§ Assignment: Go through the lines below and copy any that hold the string "fixes".

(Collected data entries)
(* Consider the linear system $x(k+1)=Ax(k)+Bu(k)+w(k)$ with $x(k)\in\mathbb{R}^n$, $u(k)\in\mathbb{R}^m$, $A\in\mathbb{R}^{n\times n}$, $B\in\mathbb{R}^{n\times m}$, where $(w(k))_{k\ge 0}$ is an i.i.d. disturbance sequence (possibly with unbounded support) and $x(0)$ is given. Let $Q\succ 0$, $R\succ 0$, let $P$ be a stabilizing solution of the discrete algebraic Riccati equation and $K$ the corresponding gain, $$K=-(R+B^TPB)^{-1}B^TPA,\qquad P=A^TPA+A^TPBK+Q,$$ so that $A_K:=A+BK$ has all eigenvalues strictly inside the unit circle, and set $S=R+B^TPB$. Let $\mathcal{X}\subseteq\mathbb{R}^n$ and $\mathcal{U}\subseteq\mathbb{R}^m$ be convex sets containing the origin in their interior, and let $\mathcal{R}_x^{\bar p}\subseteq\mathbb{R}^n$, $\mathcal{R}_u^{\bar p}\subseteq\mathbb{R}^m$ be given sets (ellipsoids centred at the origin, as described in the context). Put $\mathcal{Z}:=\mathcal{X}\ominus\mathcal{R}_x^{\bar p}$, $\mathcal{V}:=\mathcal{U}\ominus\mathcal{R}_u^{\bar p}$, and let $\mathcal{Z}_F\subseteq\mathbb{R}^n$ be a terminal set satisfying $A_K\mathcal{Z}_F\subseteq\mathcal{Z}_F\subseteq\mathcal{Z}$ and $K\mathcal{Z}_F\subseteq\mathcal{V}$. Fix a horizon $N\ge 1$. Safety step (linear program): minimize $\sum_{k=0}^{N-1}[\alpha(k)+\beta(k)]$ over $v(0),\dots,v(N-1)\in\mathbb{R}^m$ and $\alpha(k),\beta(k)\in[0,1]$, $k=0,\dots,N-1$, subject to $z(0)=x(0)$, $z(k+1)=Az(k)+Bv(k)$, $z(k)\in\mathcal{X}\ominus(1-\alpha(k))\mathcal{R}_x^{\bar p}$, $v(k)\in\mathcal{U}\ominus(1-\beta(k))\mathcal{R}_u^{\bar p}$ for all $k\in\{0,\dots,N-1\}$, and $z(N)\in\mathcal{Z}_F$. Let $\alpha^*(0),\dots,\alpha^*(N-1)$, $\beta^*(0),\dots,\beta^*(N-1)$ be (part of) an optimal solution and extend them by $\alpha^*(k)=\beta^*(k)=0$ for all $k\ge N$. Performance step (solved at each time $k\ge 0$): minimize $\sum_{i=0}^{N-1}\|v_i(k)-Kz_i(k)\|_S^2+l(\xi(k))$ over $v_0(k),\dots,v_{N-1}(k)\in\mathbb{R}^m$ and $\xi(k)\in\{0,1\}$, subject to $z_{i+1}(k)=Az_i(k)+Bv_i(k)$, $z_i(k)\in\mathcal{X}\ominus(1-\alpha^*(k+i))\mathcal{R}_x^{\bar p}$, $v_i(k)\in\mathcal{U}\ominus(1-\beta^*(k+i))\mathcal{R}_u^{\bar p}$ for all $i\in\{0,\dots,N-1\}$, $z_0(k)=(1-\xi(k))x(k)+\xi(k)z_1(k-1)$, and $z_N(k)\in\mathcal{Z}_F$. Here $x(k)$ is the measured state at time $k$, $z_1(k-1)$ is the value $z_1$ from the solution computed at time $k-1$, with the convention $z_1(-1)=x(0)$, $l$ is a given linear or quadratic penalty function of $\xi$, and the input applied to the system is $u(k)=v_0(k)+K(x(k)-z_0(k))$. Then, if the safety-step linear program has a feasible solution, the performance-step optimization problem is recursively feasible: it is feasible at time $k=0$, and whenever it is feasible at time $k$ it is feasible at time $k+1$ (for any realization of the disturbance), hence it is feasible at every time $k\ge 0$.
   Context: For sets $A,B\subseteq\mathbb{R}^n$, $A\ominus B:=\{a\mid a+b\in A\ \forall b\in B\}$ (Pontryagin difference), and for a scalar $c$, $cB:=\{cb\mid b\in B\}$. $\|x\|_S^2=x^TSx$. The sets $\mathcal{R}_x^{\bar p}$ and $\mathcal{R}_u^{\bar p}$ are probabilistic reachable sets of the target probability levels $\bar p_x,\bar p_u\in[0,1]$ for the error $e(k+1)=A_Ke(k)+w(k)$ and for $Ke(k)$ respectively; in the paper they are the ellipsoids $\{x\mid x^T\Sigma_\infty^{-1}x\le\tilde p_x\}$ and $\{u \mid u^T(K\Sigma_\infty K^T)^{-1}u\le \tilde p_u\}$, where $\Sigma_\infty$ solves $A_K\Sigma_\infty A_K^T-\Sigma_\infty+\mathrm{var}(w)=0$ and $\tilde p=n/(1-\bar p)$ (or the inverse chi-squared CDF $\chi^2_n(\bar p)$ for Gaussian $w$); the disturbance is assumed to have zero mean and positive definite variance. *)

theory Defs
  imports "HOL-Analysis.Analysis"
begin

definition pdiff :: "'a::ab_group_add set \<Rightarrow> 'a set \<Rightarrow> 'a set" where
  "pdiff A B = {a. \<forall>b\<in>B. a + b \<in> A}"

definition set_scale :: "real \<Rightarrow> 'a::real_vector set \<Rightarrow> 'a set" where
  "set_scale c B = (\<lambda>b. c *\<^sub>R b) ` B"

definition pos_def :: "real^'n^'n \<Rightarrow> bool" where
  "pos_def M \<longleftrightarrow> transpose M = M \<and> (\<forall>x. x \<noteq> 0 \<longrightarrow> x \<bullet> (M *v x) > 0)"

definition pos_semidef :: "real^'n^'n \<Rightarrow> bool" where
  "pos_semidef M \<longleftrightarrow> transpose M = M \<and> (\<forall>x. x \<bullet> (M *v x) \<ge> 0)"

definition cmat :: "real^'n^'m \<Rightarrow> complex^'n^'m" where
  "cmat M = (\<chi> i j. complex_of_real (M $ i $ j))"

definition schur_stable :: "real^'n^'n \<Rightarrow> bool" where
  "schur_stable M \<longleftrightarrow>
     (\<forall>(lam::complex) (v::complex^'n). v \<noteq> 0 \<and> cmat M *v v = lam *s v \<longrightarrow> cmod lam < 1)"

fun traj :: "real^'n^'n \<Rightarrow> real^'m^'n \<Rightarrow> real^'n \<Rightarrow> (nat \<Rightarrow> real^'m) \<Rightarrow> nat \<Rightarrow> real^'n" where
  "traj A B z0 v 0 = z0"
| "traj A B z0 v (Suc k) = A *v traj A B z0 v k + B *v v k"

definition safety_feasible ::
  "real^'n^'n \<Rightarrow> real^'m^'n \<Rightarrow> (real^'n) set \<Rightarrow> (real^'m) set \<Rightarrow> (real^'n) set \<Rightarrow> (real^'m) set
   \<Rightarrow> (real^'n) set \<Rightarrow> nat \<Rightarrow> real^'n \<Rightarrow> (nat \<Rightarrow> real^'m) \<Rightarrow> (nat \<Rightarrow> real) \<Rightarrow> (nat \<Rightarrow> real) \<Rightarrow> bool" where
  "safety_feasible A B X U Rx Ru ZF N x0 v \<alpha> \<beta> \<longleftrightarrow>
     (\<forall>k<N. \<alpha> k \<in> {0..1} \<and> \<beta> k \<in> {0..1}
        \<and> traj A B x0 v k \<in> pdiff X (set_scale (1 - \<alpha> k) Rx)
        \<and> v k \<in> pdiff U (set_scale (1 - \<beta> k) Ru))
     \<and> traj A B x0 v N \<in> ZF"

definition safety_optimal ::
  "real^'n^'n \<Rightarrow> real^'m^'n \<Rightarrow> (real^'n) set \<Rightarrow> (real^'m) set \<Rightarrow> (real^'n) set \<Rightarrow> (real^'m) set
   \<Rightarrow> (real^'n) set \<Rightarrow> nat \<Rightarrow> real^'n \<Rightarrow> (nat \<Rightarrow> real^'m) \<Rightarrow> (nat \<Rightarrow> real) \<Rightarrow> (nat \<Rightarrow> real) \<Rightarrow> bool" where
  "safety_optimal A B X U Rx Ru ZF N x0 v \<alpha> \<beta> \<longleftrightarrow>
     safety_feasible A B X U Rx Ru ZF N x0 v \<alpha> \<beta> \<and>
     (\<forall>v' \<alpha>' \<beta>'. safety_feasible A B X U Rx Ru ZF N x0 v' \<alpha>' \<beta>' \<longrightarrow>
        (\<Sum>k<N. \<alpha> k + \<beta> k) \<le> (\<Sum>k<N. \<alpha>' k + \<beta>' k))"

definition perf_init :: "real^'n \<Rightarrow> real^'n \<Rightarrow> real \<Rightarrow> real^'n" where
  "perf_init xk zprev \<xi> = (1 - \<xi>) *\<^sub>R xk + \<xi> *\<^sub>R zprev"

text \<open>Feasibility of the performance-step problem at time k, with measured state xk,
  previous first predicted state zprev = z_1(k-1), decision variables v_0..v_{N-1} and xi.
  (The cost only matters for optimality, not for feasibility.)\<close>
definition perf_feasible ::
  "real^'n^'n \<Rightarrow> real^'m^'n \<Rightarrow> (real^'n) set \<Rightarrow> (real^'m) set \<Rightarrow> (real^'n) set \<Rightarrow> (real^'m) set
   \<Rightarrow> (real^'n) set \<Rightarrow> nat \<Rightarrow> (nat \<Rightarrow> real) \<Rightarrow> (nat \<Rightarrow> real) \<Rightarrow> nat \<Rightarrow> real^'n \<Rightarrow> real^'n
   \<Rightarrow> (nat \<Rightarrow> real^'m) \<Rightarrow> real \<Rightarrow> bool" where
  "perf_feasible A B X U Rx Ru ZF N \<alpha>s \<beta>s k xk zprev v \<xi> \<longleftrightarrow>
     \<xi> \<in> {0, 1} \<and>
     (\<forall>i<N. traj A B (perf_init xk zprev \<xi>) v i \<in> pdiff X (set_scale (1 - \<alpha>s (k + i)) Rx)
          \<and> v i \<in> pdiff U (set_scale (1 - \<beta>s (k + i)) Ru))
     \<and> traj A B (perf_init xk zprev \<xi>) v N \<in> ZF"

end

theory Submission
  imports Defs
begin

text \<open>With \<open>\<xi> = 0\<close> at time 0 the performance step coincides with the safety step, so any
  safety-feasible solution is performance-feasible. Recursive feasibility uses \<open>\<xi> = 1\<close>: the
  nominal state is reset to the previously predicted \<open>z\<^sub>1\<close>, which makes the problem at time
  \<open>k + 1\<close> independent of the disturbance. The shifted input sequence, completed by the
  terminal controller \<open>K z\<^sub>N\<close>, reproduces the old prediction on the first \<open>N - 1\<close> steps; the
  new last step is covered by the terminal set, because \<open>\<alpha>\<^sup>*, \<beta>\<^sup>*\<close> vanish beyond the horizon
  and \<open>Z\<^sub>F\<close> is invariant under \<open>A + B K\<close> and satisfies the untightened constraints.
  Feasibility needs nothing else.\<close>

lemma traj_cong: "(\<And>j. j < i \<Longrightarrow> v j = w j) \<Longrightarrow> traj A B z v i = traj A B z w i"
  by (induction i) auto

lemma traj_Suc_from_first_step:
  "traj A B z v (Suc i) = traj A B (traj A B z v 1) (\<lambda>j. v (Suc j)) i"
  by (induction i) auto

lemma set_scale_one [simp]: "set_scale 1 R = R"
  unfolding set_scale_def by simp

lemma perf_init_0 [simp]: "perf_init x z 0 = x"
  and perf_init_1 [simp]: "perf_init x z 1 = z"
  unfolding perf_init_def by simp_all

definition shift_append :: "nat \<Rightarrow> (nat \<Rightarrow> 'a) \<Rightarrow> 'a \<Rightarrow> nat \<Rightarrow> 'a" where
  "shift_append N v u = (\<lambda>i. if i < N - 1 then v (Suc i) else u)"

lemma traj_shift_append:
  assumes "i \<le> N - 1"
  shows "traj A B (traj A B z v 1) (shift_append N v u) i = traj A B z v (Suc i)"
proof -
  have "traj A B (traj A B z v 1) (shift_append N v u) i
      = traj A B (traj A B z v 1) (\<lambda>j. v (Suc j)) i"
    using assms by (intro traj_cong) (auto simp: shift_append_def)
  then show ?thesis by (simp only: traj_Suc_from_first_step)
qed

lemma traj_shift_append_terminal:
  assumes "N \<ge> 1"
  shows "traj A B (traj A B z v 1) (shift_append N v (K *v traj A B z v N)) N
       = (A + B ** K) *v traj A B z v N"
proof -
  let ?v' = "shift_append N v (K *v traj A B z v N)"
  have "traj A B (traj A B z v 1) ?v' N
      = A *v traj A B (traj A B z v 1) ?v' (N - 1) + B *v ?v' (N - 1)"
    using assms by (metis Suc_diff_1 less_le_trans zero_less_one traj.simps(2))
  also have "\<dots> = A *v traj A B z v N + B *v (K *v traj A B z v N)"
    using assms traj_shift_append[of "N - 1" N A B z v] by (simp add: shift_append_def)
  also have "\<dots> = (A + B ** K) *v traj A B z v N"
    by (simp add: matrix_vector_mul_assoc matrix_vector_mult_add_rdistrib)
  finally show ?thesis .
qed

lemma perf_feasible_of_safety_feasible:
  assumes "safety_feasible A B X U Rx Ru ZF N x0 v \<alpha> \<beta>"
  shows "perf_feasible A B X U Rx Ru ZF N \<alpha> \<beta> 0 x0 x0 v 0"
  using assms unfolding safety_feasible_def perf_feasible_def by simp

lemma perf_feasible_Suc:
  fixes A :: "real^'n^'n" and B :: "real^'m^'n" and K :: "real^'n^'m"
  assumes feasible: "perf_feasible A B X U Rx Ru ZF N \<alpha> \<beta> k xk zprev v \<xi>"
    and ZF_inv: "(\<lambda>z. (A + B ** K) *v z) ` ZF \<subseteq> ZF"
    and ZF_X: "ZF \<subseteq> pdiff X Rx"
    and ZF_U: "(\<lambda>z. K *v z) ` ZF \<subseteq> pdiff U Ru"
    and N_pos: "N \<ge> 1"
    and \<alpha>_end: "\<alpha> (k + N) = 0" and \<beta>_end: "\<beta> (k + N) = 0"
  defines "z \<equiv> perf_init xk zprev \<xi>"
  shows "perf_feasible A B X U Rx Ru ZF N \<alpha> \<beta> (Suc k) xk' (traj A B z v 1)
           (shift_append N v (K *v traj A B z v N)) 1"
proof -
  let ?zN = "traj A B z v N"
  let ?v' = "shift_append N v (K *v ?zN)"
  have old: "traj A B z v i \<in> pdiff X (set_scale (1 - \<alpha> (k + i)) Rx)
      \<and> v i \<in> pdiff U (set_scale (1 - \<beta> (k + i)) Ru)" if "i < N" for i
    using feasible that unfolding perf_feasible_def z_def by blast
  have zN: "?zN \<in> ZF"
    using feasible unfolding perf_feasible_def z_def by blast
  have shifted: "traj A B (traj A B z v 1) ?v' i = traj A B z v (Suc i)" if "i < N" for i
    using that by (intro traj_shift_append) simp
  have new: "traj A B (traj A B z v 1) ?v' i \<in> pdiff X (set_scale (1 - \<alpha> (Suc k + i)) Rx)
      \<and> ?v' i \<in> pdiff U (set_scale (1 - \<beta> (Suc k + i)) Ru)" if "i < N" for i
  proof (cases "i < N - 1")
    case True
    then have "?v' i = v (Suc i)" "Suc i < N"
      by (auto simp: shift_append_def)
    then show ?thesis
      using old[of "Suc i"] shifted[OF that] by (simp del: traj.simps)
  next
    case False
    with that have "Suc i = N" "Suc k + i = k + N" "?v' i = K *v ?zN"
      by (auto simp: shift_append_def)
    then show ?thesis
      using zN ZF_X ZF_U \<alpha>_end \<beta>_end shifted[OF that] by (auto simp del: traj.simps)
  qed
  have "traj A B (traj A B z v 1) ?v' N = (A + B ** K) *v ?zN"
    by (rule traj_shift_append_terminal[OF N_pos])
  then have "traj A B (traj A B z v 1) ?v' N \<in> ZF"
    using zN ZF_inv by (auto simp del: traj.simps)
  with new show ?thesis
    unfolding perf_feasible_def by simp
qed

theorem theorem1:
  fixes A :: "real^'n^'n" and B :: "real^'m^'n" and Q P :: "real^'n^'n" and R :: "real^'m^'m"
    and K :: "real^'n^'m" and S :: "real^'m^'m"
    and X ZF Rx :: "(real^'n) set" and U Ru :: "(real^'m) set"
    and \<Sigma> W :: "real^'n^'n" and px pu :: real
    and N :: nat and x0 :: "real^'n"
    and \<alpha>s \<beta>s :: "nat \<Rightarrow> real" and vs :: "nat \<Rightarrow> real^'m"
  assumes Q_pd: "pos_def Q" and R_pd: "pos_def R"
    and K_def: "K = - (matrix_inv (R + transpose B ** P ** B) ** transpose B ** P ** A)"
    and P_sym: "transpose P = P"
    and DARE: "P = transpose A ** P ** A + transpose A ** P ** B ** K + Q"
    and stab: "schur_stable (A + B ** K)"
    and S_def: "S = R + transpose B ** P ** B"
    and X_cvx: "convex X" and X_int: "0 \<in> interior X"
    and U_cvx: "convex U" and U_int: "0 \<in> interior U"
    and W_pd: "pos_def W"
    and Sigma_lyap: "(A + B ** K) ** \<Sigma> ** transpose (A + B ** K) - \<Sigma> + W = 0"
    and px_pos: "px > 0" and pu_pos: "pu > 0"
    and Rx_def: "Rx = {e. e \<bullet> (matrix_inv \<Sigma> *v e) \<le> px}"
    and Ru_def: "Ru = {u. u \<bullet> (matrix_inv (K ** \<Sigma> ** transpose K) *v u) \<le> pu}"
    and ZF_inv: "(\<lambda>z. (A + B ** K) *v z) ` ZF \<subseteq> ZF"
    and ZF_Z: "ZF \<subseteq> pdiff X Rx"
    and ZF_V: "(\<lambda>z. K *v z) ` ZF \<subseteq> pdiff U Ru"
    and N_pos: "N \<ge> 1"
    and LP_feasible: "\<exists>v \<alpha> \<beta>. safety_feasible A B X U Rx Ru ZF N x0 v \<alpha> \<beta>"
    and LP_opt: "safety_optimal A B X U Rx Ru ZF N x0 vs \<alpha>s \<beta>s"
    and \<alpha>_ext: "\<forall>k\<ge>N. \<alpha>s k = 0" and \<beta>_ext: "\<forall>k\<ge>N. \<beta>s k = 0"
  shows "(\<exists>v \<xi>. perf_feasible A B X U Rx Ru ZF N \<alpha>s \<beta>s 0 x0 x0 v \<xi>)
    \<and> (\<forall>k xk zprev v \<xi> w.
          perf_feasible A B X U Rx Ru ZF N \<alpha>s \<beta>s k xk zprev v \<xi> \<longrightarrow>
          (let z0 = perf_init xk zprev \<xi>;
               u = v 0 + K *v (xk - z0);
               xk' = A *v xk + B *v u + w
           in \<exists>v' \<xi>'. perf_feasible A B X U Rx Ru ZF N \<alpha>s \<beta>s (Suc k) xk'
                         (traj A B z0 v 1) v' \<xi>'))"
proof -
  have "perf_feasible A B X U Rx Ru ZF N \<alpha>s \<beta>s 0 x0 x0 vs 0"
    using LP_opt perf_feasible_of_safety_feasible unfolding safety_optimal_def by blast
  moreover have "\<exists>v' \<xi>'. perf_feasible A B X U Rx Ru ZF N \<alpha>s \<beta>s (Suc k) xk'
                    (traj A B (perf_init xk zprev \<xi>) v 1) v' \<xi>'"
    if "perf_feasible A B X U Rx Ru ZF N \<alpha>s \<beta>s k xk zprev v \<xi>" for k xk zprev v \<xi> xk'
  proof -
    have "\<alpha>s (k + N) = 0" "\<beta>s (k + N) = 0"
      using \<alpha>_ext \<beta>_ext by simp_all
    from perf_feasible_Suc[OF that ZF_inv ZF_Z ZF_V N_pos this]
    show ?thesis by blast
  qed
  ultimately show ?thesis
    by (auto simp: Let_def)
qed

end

--

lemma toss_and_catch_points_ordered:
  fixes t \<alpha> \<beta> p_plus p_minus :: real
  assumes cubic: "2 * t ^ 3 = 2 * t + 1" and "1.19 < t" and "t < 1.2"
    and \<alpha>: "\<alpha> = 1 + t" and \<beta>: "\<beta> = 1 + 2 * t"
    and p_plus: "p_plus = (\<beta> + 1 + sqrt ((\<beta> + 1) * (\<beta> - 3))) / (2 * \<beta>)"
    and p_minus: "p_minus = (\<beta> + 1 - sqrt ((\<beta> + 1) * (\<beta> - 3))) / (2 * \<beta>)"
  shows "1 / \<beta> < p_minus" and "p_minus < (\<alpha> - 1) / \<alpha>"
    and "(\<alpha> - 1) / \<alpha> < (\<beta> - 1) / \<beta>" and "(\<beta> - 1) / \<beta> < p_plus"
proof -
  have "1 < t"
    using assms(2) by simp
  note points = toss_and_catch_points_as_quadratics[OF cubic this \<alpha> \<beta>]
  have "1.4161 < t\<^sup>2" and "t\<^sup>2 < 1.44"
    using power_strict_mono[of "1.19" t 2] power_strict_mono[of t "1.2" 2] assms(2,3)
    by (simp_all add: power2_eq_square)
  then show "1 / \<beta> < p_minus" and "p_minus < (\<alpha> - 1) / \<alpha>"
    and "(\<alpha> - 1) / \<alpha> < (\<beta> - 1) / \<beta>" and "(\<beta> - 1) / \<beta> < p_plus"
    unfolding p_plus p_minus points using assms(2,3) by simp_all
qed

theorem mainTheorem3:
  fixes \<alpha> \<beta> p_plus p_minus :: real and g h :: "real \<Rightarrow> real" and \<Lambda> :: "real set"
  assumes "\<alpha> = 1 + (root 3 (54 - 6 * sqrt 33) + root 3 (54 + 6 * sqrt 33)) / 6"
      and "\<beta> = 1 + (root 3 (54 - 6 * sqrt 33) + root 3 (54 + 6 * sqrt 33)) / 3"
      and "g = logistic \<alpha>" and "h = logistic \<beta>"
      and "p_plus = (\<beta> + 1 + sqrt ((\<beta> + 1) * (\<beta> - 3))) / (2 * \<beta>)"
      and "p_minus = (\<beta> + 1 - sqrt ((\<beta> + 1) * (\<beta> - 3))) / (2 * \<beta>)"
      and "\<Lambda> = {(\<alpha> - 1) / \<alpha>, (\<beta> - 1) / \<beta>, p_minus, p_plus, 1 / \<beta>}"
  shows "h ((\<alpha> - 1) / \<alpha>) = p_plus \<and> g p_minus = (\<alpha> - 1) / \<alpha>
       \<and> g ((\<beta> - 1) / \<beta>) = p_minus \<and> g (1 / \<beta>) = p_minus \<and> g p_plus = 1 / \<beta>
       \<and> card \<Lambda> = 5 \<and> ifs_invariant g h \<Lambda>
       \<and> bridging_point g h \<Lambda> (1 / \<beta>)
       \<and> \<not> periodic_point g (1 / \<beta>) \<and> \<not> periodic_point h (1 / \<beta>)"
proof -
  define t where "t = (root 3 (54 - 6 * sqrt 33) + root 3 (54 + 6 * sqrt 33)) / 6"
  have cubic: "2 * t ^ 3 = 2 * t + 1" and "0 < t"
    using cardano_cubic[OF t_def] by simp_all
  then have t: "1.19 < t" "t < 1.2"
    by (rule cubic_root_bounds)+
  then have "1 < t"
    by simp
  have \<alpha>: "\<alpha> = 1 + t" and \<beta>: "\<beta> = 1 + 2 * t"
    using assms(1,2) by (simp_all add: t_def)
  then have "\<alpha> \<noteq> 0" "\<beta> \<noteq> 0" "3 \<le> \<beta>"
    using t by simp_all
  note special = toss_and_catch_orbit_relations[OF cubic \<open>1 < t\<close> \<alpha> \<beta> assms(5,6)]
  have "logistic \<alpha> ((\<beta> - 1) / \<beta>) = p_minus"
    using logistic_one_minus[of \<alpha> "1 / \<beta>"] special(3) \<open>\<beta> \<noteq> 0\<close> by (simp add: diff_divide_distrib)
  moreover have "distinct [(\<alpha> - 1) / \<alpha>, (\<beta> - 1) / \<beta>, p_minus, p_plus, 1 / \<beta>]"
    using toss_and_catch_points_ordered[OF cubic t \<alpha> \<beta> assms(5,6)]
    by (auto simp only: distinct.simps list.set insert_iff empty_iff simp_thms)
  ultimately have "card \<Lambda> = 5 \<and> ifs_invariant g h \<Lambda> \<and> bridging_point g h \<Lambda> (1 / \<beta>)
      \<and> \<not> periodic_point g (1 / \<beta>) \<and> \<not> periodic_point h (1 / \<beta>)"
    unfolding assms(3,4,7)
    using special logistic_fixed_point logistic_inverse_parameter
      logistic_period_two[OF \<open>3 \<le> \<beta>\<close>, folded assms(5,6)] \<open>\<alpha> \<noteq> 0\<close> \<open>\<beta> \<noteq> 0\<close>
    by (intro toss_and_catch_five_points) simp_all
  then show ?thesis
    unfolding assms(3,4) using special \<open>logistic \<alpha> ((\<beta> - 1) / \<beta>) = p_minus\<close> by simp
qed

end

§ Your solution:
  fixes A :: "real^'n^'n" and B :: "real^'m^'n" and K :: "real^'n^'m"
  fixes A :: "real^'n^'n" and B :: "real^'m^'n" and Q P :: "real^'n^'n" and R :: "real^'m^'m"
  fixes t \<alpha> \<beta> p_plus p_minus :: real
  fixes \<alpha> \<beta> p_plus p_minus :: real and g h :: "real \<Rightarrow> real" and \<Lambda> :: "real set"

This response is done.